- [What to do]: Needed from the data below: every line from the one with "pclass X (rep" up to and including the one with "pclass X (f", repeated exactly and with nothing else.

· · ·

(* Let $f\colon W\to U$ be a fibrant map between path connected spaces, with basepoints $\dagger\in W$, $*\in U$ and biset $B(f,\dagger,* )$. Let $U'\subseteq U$ be path connected with basepoint $*'$, let $\{W'_z\}_{z\in I}$ be the path connected components of $f^{-1}(U')$, with basepoints $\dagger'_z\in W'_z$, and let $B(f|_{W'_z},\dagger'_z,*')$ be the biset of $f|_{W'_z}\colon W'_z\to U'$. Let $()^-\colon B(f|_{W'_z},\dagger'_z,*')\to B(f,\dagger,* )$ be the congruences given by choices of paths $\gamma_z$ in $W$ from $\dagger$ to $\dagger'_z$ and $\gamma_*$ in $U$ from $*$ to $*'$: loops $\delta$ at $\dagger'_z$ map to $\gamma_z\delta\gamma_z^{-1}$, loops $\delta$ at $*'$ map to $\gamma_*\delta\gamma_*^{-1}$, and $b\mapsto f(\gamma_z)\,b\,\gamma_*^{-1}$. Then \[\bigsqcup_{z\in I}\pi_1(W,\dagger)\otimes_{\pi_1(W'_z,\dagger'_z)}B(f|_{W'_z},\dagger'_z,*')\longrightarrow B(f,\dagger,* ),\qquad g\otimes b\mapsto g\,b^-,\] is an isomorphism of $\pi_1(W,\dagger)$-$\pi_1(U',*')$-bisets, where $\pi_1(U',*')$ acts on $B(f,\dagger,* )$ via $()^-\colon\pi_1(U',*')\to\pi_1(U,* )$ and $\pi_1(W'_z,\dagger'_z)$ acts on $\pi_1(W,\dagger)$ via $()^-$.
   Context: For a continuous map $f\colon Y\to X$ and basepoints $\dagger\in Y$, $*\in X$, $B(f,\dagger,* )$ is the set of homotopy classes rel endpoints of paths in $X$ from $f(\dagger)$ to $*$, a $\pi_1(Y,\dagger)$-$\pi_1(X,* )$-biset via $[\lambda]\cdot[\gamma]=[f\circ\lambda\#\gamma]$ and $[\gamma]\cdot[\mu]=[\gamma\#\mu]$. A map is fibrant if it has the homotopy lifting property with respect to all spaces. The product $A\otimes_K C$ of a right $K$-set and a left $K$-set is $A\times C$ modulo $(ak,c)=(a,kc)$. *)

theory Defs
  imports "HOL-Analysis.Analysis"
begin

text \<open>Concatenation and reversal of paths (same formulas as the library's joinpaths and
reversepath, but without a type-class restriction, so they work for abstract topologies).\<close>

definition pjoin :: "(real \<Rightarrow> 'a) \<Rightarrow> (real \<Rightarrow> 'a) \<Rightarrow> real \<Rightarrow> 'a" (infixr \<open>#\<^sub>p\<close> 75) where
  "pjoin g1 g2 = (\<lambda>x. if x \<le> 1/2 then g1 (2 * x) else g2 (2 * x - 1))"

definition prev :: "(real \<Rightarrow> 'a) \<Rightarrow> real \<Rightarrow> 'a" where
  "prev g = (\<lambda>x. g (1 - x))"

definition phom :: "'a topology \<Rightarrow> (real \<Rightarrow> 'a) \<Rightarrow> (real \<Rightarrow> 'a) \<Rightarrow> bool" where
  "phom X p q \<longleftrightarrow> pathin X p \<and> pathin X q \<and>
     homotopic_with (\<lambda>r. r 0 = p 0 \<and> r 1 = p 1) (top_of_set {0..1}) X p q"

definition pclass :: "'a topology \<Rightarrow> (real \<Rightarrow> 'a) \<Rightarrow> (real \<Rightarrow> 'a) set" where
  "pclass X p = {q. phom X p q}"

definition rep :: "'x set \<Rightarrow> 'x" where
  "rep c = (SOME p. p \<in> c)"

definition paths_between :: "'a topology \<Rightarrow> 'a \<Rightarrow> 'a \<Rightarrow> (real \<Rightarrow> 'a) set" where
  "paths_between X x y = {p. pathin X p \<and> p 0 = x \<and> p 1 = y}"

definition pclasses :: "'a topology \<Rightarrow> 'a \<Rightarrow> 'a \<Rightarrow> (real \<Rightarrow> 'a) set set" where
  "pclasses X x y = pclass X ` paths_between X x y"

text \<open>Fundamental group pi_1(X,x) (as a set of classes; product is cjoin).\<close>
definition fund_group :: "'a topology \<Rightarrow> 'a \<Rightarrow> (real \<Rightarrow> 'a) set set" where
  "fund_group X x = pclasses X x x"

definition biset :: "'a topology \<Rightarrow> ('b \<Rightarrow> 'a) \<Rightarrow> 'b \<Rightarrow> 'a \<Rightarrow> (real \<Rightarrow> 'a) set set" where
  "biset X f d s = pclasses X (f d) s"

definition cjoin :: "'a topology \<Rightarrow> (real \<Rightarrow> 'a) set \<Rightarrow> (real \<Rightarrow> 'a) set \<Rightarrow> (real \<Rightarrow> 'a) set" where
  "cjoin X a b = pclass X (rep a #\<^sub>p rep b)"

definition cmap :: "'a topology \<Rightarrow> ('b \<Rightarrow> 'a) \<Rightarrow> (real \<Rightarrow> 'b) set \<Rightarrow> (real \<Rightarrow> 'a) set" where
  "cmap X f a = pclass X (f \<circ> rep a)"

definition cconj :: "'a topology \<Rightarrow> (real \<Rightarrow> 'a) \<Rightarrow> (real \<Rightarrow> 'a) set \<Rightarrow> (real \<Rightarrow> 'a) set" where
  "cconj X \<gamma> a = pclass X ((\<gamma> #\<^sub>p rep a) #\<^sub>p prev \<gamma>)"

definition blact :: "'a topology \<Rightarrow> ('b \<Rightarrow> 'a) \<Rightarrow> (real \<Rightarrow> 'b) set \<Rightarrow> (real \<Rightarrow> 'a) set \<Rightarrow> (real \<Rightarrow> 'a) set" where
  "blact X f l g = cjoin X (cmap X f l) g"

definition bract :: "'a topology \<Rightarrow> (real \<Rightarrow> 'a) set \<Rightarrow> (real \<Rightarrow> 'a) set \<Rightarrow> (real \<Rightarrow> 'a) set" where
  "bract X g m = cjoin X g m"

definition HLP_wrt :: "'c topology \<Rightarrow> 'b topology \<Rightarrow> 'a topology \<Rightarrow> ('b \<Rightarrow> 'a) \<Rightarrow> bool" where
  "HLP_wrt Z Y X f \<longleftrightarrow>
     (\<forall>H h0. continuous_map (prod_topology Z (top_of_set {0..1::real})) X H \<and>
             continuous_map Z Y h0 \<and> (\<forall>z\<in>topspace Z. f (h0 z) = H (z, 0)) \<longrightarrow>
        (\<exists>G. continuous_map (prod_topology Z (top_of_set {0..1::real})) Y G \<and>
             (\<forall>z\<in>topspace Z. \<forall>t\<in>{0..1}. f (G (z, t)) = H (z, t)) \<and>
             (\<forall>z\<in>topspace Z. G (z, 0) = h0 z)))"

text \<open>HOL cannot quantify over all types inside a formula; we quantify over all topological
  spaces whose points lie in the type real \<times> real (all spaces of cardinality at most
  the continuum, up to homeomorphism).\<close>
definition fibrant :: "'b topology \<Rightarrow> 'a topology \<Rightarrow> ('b \<Rightarrow> 'a) \<Rightarrow> bool" where
  "fibrant Y X f \<longleftrightarrow> continuous_map Y X f \<and> (\<forall>Z :: (real \<times> real) topology. HLP_wrt Z Y X f)"

definition tensor_gen :: "'a set \<Rightarrow> 'c set \<Rightarrow> 'k set \<Rightarrow> ('a \<Rightarrow> 'k \<Rightarrow> 'a) \<Rightarrow> ('k \<Rightarrow> 'c \<Rightarrow> 'c)
                         \<Rightarrow> ('a \<times> 'c) \<Rightarrow> ('a \<times> 'c) \<Rightarrow> bool" where
  "tensor_gen A C K ra la x y \<longleftrightarrow> x \<in> A \<times> C \<and> y \<in> A \<times> C \<and>
     (\<exists>a\<in>A. \<exists>c\<in>C. \<exists>k\<in>K. x = (ra a k, c) \<and> y = (a, la k c))"

definition tensor_rel :: "'a set \<Rightarrow> 'c set \<Rightarrow> 'k set \<Rightarrow> ('a \<Rightarrow> 'k \<Rightarrow> 'a) \<Rightarrow> ('k \<Rightarrow> 'c \<Rightarrow> 'c)
                         \<Rightarrow> (('a \<times> 'c) \<times> ('a \<times> 'c)) set" where
  "tensor_rel A C K ra la = {(x, y). x \<in> A \<times> C \<and> y \<in> A \<times> C \<and>
     (sup (tensor_gen A C K ra la) (tensor_gen A C K ra la)\<inverse>\<inverse>)\<^sup>*\<^sup>* x y}"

· · ·

- [Exercise output]:
  "cjoin X a b = pclass X (rep a #\<^sub>p rep b)"

definition cmap :: "'a topology \<Rightarrow> ('b \<Rightarrow> 'a) \<Rightarrow> (real \<Rightarrow> 'b) set \<Rightarrow> (real \<Rightarrow> 'a) set" where
  "cmap X f a = pclass X (f \<circ> rep a)"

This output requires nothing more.